I was fooled by a woman once, but so was everybody else (let's just call her Jane). At first she seemed so kind and friendly and she chatted to everyone. I got to know her and I found her fun and easy to talk to. But she started badmouthing all the people who liked her, even though I still witnessed her being all loving and friendly with them. One of them said to her that her mother was in hospital and she was going to visit her today, and Jane was all sympathetic, but as soon as the woman's back was turn, Jane said to me, "I don't even care!" I found that rather nasty of her, even though the woman didn't know she said it. Also she used to act like her s**t doesn't stink, and tell lies to make her look high-class, even though something told me she wasn't.
Then one day me and Jane fell out, just because she hinted that she was using her boyfriend just for money and it seemed she was stringing him along. I just told her that he's going to get his feelings hurt one day because it sounded like he loved her, and she yelled at me and told me never to speak to her again. And she literally never spoke to me again even when she had to serve me (she was a regular bus driver on my bus). She actually hated me. And when I got a cleaning job at the bus garage where she was based at, she told the others how pleased she was for me and how good news it was. But that was fake too because she hated me, and not long after I started she resigned. I assume it was because I had started and she didn't want to be working in the same bus company as me.

Yes, she was the fakest person I have ever met.
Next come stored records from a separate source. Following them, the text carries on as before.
lemma finalC_runC_initC:
  assumes "0 < b" "0 < p" "finite I"
  shows "finalC R I (runC b p I initC u) =
    ((word_value b u mod p \<in> R) \<noteq> (word_value b u \<in> I))"
  using assms by (auto simp: runC_initC finalC_def)

lemma nerode_equiv_sym: "nerode_equiv b p R I q q' \<Longrightarrow> nerode_equiv b p R I q' q"
  by (simp add: nerode_equiv_def)

lemma periodic_set_eq_mod:
  fixes p :: nat
  assumes "R \<subseteq> {0..<p}"
  shows "{r + p * n | r n. r \<in> R} = {x. x mod p \<in> R}"
proof (intro set_eqI iffI)
  fix x
  assume "x \<in> {r + p * n | r n. r \<in> R}"
  then show "x \<in> {x. x mod p \<in> R}"
    using assms by (auto simp: subset_eq)
next
  fix x
  assume "x \<in> {x. x mod p \<in> R}"
  moreover have "x = x mod p + p * (x div p)"
    by simp
  ultimately show "x \<in> {r + p * n | r n. r \<in> R}"
    by blast
qed

lemma periodic_add_mult:
  fixes f :: "nat \<Rightarrow> 'a"
  assumes "\<And>x. f (x + a) = f x"
  shows "f (x + j * a) = f x"
  using assms by (induction j arbitrary: x) (simp_all add: add.assoc [symmetric])

lemma periodic_gcd:
  fixes f :: "nat \<Rightarrow> 'a"
  assumes "\<And>x. f (x + a) = f x" "\<And>x. f (x + c) = f x" "0 < a"
  shows "f (x + gcd a c) = f x"
proof -
  obtain i j where "a * i = c * j + gcd a c"
    using bezout_nat[of a c] assms(3) by auto
  then have shifted: "x + gcd a c + j * c = x + i * a"
    by (simp add: algebra_simps)
  have "f (x + gcd a c) = f (x + gcd a c + j * c)"
    by (rule periodic_add_mult[of f c, OF assms(2), symmetric])
  also have "\<dots> = f x"
    unfolding shifted by (rule periodic_add_mult[of f a, OF assms(1)])
  finally show ?thesis .
qed

lemma proper_period_dvd:
  assumes proper: "proper p R I"
    and period: "\<And>x. ((x + \<delta>) mod p \<in> R) = (x mod p \<in> R)"
  shows "p dvd \<delta>"
proof -
  define f where "f x = (x mod p \<in> R)" for x
  define g where "g = gcd p \<delta>"
  have p: "0 < p" "R \<subseteq> {0..<p}" "finite I"
    using proper by (auto simp: proper_def)
  have g: "0 < g" "g dvd p" "g \<le> p"
    using p by (simp_all add: g_def dvd_imp_le)
  have g_period: "f (x + g) = f x" for x
    unfolding g_def by (rule periodic_gcd) (use p(1) period in \<open>simp_all add: f_def\<close>)
  have f_mod: "f x = f (x mod g)" for x
    using periodic_add_mult[of f g, OF g_period, of "x mod g" "x div g"] by simp
  have "g = p"
  proof (rule ccontr)
    assume "g \<noteq> p"
    then have "g < p" using g by simp
    define R' where "R' = {r \<in> R. r < g}"
    have "x mod p \<in> R \<longleftrightarrow> x mod g \<in> R'" for x
      using f_mod[of x] mod_less_divisor[OF g(1)] order_less_trans[OF _ \<open>g < p\<close>]
      by (simp add: f_def R'_def)
    then have "perset p R I = perset g R' I"
      using periodic_set_eq_mod[OF p(2)] periodic_set_eq_mod[of R' g]
      by (simp add: perset_def R'_def subset_eq)
    moreover have "R' \<subseteq> {0..<g}"
      by (auto simp: R'_def)
    moreover have "\<not> (\<exists>R' I'. R' \<subseteq> {0..<g} \<and> finite I' \<and> perset p R I = perset g R' I')"
      using proper g(1) \<open>g < p\<close> by (simp add: proper_def)
    ultimately show False
      using p(3) by blast
  qed
  then show ?thesis
    using gcd_dvd2[of p \<delta>] by (simp add: g_def)
qed

lemma proper_shift_mod_eq:
  assumes proper: "proper p R I"
    and shift: "\<And>x. ((c + x) mod p \<in> R) = ((c' + x) mod p \<in> R)"
  shows "c mod p = c' mod p"
proof -
  have p: "0 < p"
    using proper by (simp add: proper_def)
  have le_imp_eq: "a = a'"
    if "a \<le> a'" "a' < p" and same: "\<And>x. ((a + x) mod p \<in> R) = ((a' + x) mod p \<in> R)" for a a'
  proof -
    have "((x + (a' - a)) mod p \<in> R) = (x mod p \<in> R)" for x
    proof -
      have "a' + (x + p - a) = x + (a' - a) + p" "a + (x + p - a) = x + p"
        using that by simp_all
      then show ?thesis
        using same[of "x + p - a"] by (simp only: mod_add_self2)
    qed
    then have "p dvd a' - a"
      by (rule proper_period_dvd[OF proper])
    then show ?thesis
      using that by (auto dest: dvd_imp_le)
  qed
  have "((c mod p + x) mod p \<in> R) = ((c' mod p + x) mod p \<in> R)" for x
    using shift[of x] by (simp add: mod_add_left_eq)
  then show ?thesis
    using le_imp_eq[of "c mod p" "c' mod p"] le_imp_eq[of "c' mod p" "c mod p"] p
    by (cases "c mod p \<le> c' mod p") auto
qed

lemma nerode_equiv_None_mod_eq:
  assumes proper: "proper p R I" and "0 < b" "s < p" "s' < p" "p \<le> b ^ L"
    and equiv: "nerode_equiv b p R I (s, None) (s', None)"
  shows "s * b ^ L mod p = s' * b ^ L mod p"
proof (rule proper_shift_mod_eq[OF proper])
  fix x
  have "0 < p"
    using proper by (simp add: proper_def)
  then have "x mod p < b ^ L"
    using assms(5) mod_less_divisor[of p x] by linarith
  then obtain u where u: "u \<in> lists (alph b)" "length u = L" "word_value b u = x mod p"
    using exists_word_with_value assms(2) by blast
  have "finalC R I (runC b p I (s, None) u) = finalC R I (runC b p I (s', None) u)"
    using equiv u(1) by (simp add: nerode_equiv_def)
  then show "((s * b ^ L + x) mod p \<in> R) = ((s' * b ^ L + x) mod p \<in> R)"
    using u assms(3,4) by (simp add: runC_None finalC_def mod_add_right_eq)
qed

lemma not_nerode_equiv_initC:
  assumes proper: "proper p R I" and "1 < b" "I \<noteq> {}"
    and "q \<in> statesC b p I" "q \<noteq> initC"
  shows "\<not> nerode_equiv b p R I initC q"
proof
  assume equiv: "nerode_equiv b p R I initC q"
  have p: "0 < p" "finite I"
    using proper by (auto simp: proper_def)
  obtain w where w: "w \<in> lists (alph b)" "q = runC b p I initC w"
    using assms(4) by (auto simp: statesC_def)
  define n where "n = word_value b w"
  define M where "M = Max I"
  define L where "L = M + p"
  define F where "F x = ((x mod p \<in> R) \<noteq> (x \<in> I))" for x
  have "n \<noteq> 0"
  proof
    assume "n = 0"
    then have "q = (0, Some 0)"
      using assms(2) p(1) w(2) by (simp add: runC_initC n_def)
    then show False
      using assms(5) by (simp add: initC_def)
  qed
  have translate: "F v = F (n * b ^ L + v)" if v: "v < b ^ L" for v
  proof -
    obtain u where u: "u \<in> lists (alph b)" "length u = L" "word_value b u = v"
      using exists_word_with_value[of b v L] v assms(2) by auto
    have "finalC R I (runC b p I initC u) = finalC R I (runC b p I initC (w @ u))"
      using equiv u(1) w(2) by (simp add: nerode_equiv_def runC_append)
    then show ?thesis
      using finalC_runC_initC[of b p I R] assms(2) p u
      by (simp add: F_def word_value_append n_def)
  qed
  have "M + p < b ^ L"
    unfolding L_def using assms(2) by (simp add: power_gt_expt)
  moreover have "M < n * b ^ L + M"
    using \<open>n \<noteq> 0\<close> assms(2) by simp
  moreover have "M \<in> I" "\<And>x. x \<in> I \<Longrightarrow> x \<le> M"
    using assms(3) p(2) by (simp_all add: M_def)
  ultimately have "F M \<noteq> F (M + p)" "F (n * b ^ L + M) = F (n * b ^ L + M + p)"
    using p(1) by (fastforce simp: F_def)+
  then show False
    using translate[of M] translate[of "M + p"] \<open>M + p < b ^ L\<close>
    by (simp add: add.assoc)
qed

text \<open>
  On a 0-circuit the value of the accessed word is multiplied by b^N; in the second
  component this forces the value to be 0, i.e. the state to be initial.
\<close>

lemma zero_circuit_state_cases:
  assumes "1 < b" "0 < p" "q \<in> statesC b p I" "on_zero_circuit b p I q"
  obtains "q = initC"
  | s N where "0 < N" "q = (s mod p, None)" "s * b ^ N mod p = s mod p"
proof -
  obtain w where w: "q = runC b p I initC w"
    using assms(3) by (auto simp: statesC_def)
  obtain N where N: "0 < N" "runC b p I q (replicate N 0) = q"
    using assms(4) by (auto simp: on_zero_circuit_def)
  define n where "n = word_value b w"
  have q: "q = (n mod p, if n \<le> Max I then Some n else None)"
    using assms(1,2) w by (simp add: runC_initC n_def)
  have "runC b p I initC (w @ replicate N 0) = q"
    using N(2) w by (simp add: runC_append)
  moreover have "word_value b (w @ replicate N 0) = n * b ^ N"
    by (simp add: word_value_append n_def)
  ultimately have shifted:
    "q = (n * b ^ N mod p, if n * b ^ N \<le> Max I then Some (n * b ^ N) else None)"
    using assms(1,2) runC_initC[of b p I "w @ replicate N 0"] by (simp cong: if_cong)
  show thesis
  proof (cases "n \<le> Max I")
    case True
    then have "n * b ^ N = n"
      using q shifted by (auto split: if_splits)
    then have "n = 0"
      using assms(1) N(1) by simp
    then show thesis
      using q that(1) by (simp add: initC_def)
  next
    case False
    then show thesis
      using q shifted N(1) that(2) by simp
  qed
qed

lemma mult_power_mod_iterate:
  fixes s b p N :: nat
  assumes "s * b ^ N mod p = s mod p"
  shows "s * b ^ (N * j) mod p = s mod p"
proof (induction j)
  case (Suc j)
  have "s * b ^ (N * Suc j) = (s * b ^ N) * b ^ (N * j)"
    by (simp add: power_add algebra_simps)
  then have "s * b ^ (N * Suc j) mod p = (s * b ^ N mod p) * b ^ (N * j) mod p"
    by (metis mod_mult_left_eq)
  then show ?case
    using Suc assms by (simp add: mod_mult_left_eq)
qed simp

lemma nerode_equiv_None_multiples_eq:
  assumes proper: "proper p R I" and "1 < b" "p = k * d" "coprime k b" "x < k" "x' < k"
    and equiv: "nerode_equiv b p R I (x * d, None) (x' * d, None)"
  shows "x = x'"
proof -
  have "0 < d" "p < b ^ p"
    using proper assms(2,3) by (auto simp: proper_def power_gt_expt)
  then have "x * d * b ^ p mod (k * d) = x' * d * b ^ p mod (k * d)"
    using nerode_equiv_None_mod_eq[OF proper _ _ _ _ equiv] assms(2,3,5,6) by simp
  then have "(x * b ^ p mod k) * d = (x' * b ^ p mod k) * d"
    by (simp add: mod_mult_mult2[symmetric] ac_simps)
  then have "[x * b ^ p = x' * b ^ p] (mod k)"
    using \<open>0 < d\<close> by (simp add: cong_def)
  then have "[x = x'] (mod k)"
    using assms(4) by (simp add: cong_mult_rcancel_nat coprime_commute)
  then show ?thesis
    using assms(5,6) by (rule cong_less_modulus_unique_nat)
qed

lemma nerode_equiv_zero_circuit_eq:
  assumes proper: "proper p R I" and "1 < b" "I \<noteq> {}"
    and q: "q \<in> statesC b p I" "on_zero_circuit b p I q"
    and q': "q' \<in> statesC b p I" "on_zero_circuit b p I q'"
    and equiv: "nerode_equiv b p R I q q'"
  shows "q = q'"
proof -
  have p: "0 < p"
    using proper by (simp add: proper_def)
  show ?thesis
  proof (cases rule: zero_circuit_state_cases[OF assms(2) p q])
    case 1
    then show ?thesis
      using not_nerode_equiv_initC[OF proper assms(2,3) q'(1)] equiv by blast
  next
    case (2 s N)
    show ?thesis
    proof (cases rule: zero_circuit_state_cases[OF assms(2) p q'])
      case 1
      then show ?thesis
        using not_nerode_equiv_initC[OF proper assms(2,3) q(1)] nerode_equiv_sym[OF equiv]
        by blast
    next
      case (2 s' N')
      define L where "L = N * N' * p"
      have "p \<le> L"
        using \<open>0 < N\<close> \<open>0 < N'\<close> by (simp add: L_def)
      have "p < b ^ p"
        using assms(2) by (simp add: power_gt_expt)
      also have "\<dots> \<le> b ^ L"
        using \<open>p \<le> L\<close> assms(2) by simp
      finally have "p \<le> b ^ L"
        by simp
      then have "(s mod p) * b ^ L mod p = (s' mod p) * b ^ L mod p"
        using nerode_equiv_None_mod_eq[OF proper] equiv q'(1) p assms(2) \<open>q = _\<close> 2
        by simp
      moreover have "s * b ^ L mod p = s mod p" "s' * b ^ L mod p = s' mod p"
        using mult_power_mod_iterate[of s b N p "N' * p"] mult_power_mod_iterate[of s' b N' p "N * p"]
          \<open>s * b ^ N mod p = s mod p\<close> 2
        by (simp_all add: L_def mult.assoc mult.left_commute)
      ultimately show ?thesis
        using \<open>q = _\<close> 2 by (simp add: mod_mult_left_eq)
    qed
  qed
qed

theorem lemma39:
  fixes b p k d :: nat and R I :: "nat set"
  assumes "b > 1"
    and "proper p R I"
    and "I \<noteq> {}"
    and "k = (GREATEST k. k dvd p \<and> coprime k b)"
    and "d = p div k"
  shows "(\<forall>x x'. x < k \<and> x' < k \<and> x \<noteq> x' \<longrightarrow>
            \<not> nerode_equiv b p R I (x * d, None) (x' * d, None))
    \<and> (\<forall>q \<in> statesC b p I. \<forall>q' \<in> statesC b p I.
            on_zero_circuit b p I q \<and> on_zero_circuit b p I q' \<and> q \<noteq> q' \<longrightarrow>
            \<not> nerode_equiv b p R I q q')
    \<and> (\<forall>q \<in> statesC b p I. q \<noteq> initC \<longrightarrow> \<not> nerode_equiv b p R I initC q)"
proof -
  have "0 < p"
    using assms(2) by (simp add: proper_def)
  then have "k dvd p \<and> coprime k b"
    unfolding assms(4) by (rule_tac GreatestI_nat[of _ 1 p]) (auto simp: dvd_imp_le)
  then have "p = k * d" "coprime k b"
    using assms(5) by simp_all
  then show ?thesis
    using nerode_equiv_None_multiples_eq[OF assms(2,1)] nerode_equiv_zero_circuit_eq[OF assms(2,1,3)]
      not_nerode_equiv_initC[OF assms(2,1,3)]
    by blast
qed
Joe90, I have had phony "friends" myself and just to name a few
1. I was close to a woman for 8 years who turned out to be a frenemy. During that time, she was very deceitful while pretending to care while pulling lots of nasty stunts that I won't get into. She dumped me nearly 6 years ago and revealed that she didn't like me at all and was using me for things.
2. I also was "Friends" with someone who was similar to the woman you were describing. She was also extremely deceptive and a user to everyone that worked thereby acting like she was your friend.

Baldman,
Usually, when someone is phony like that in which they are nice to your face while making fun of you indicates that you have a trait, quality or some other thing they want. They take what they feel about themselves and put you down. For example, I wear short hair and other women might call me names like "Ugly:" to get the attention off themselves because they are afraid I might make fun of them. The same applies to the woman who was calling you insecure. It sounds like she was really talking about herself. Someone who is secure isn't going to comment on the way someone else looks.

When I mean insecure, we live in a culture that tells everyone how they should dress and look. At the moment, people are getting multiple tattoos and body piercings. I don't have either of those things and don't want them. I am also really outgoing and will tell everyone what I am doing at the moment.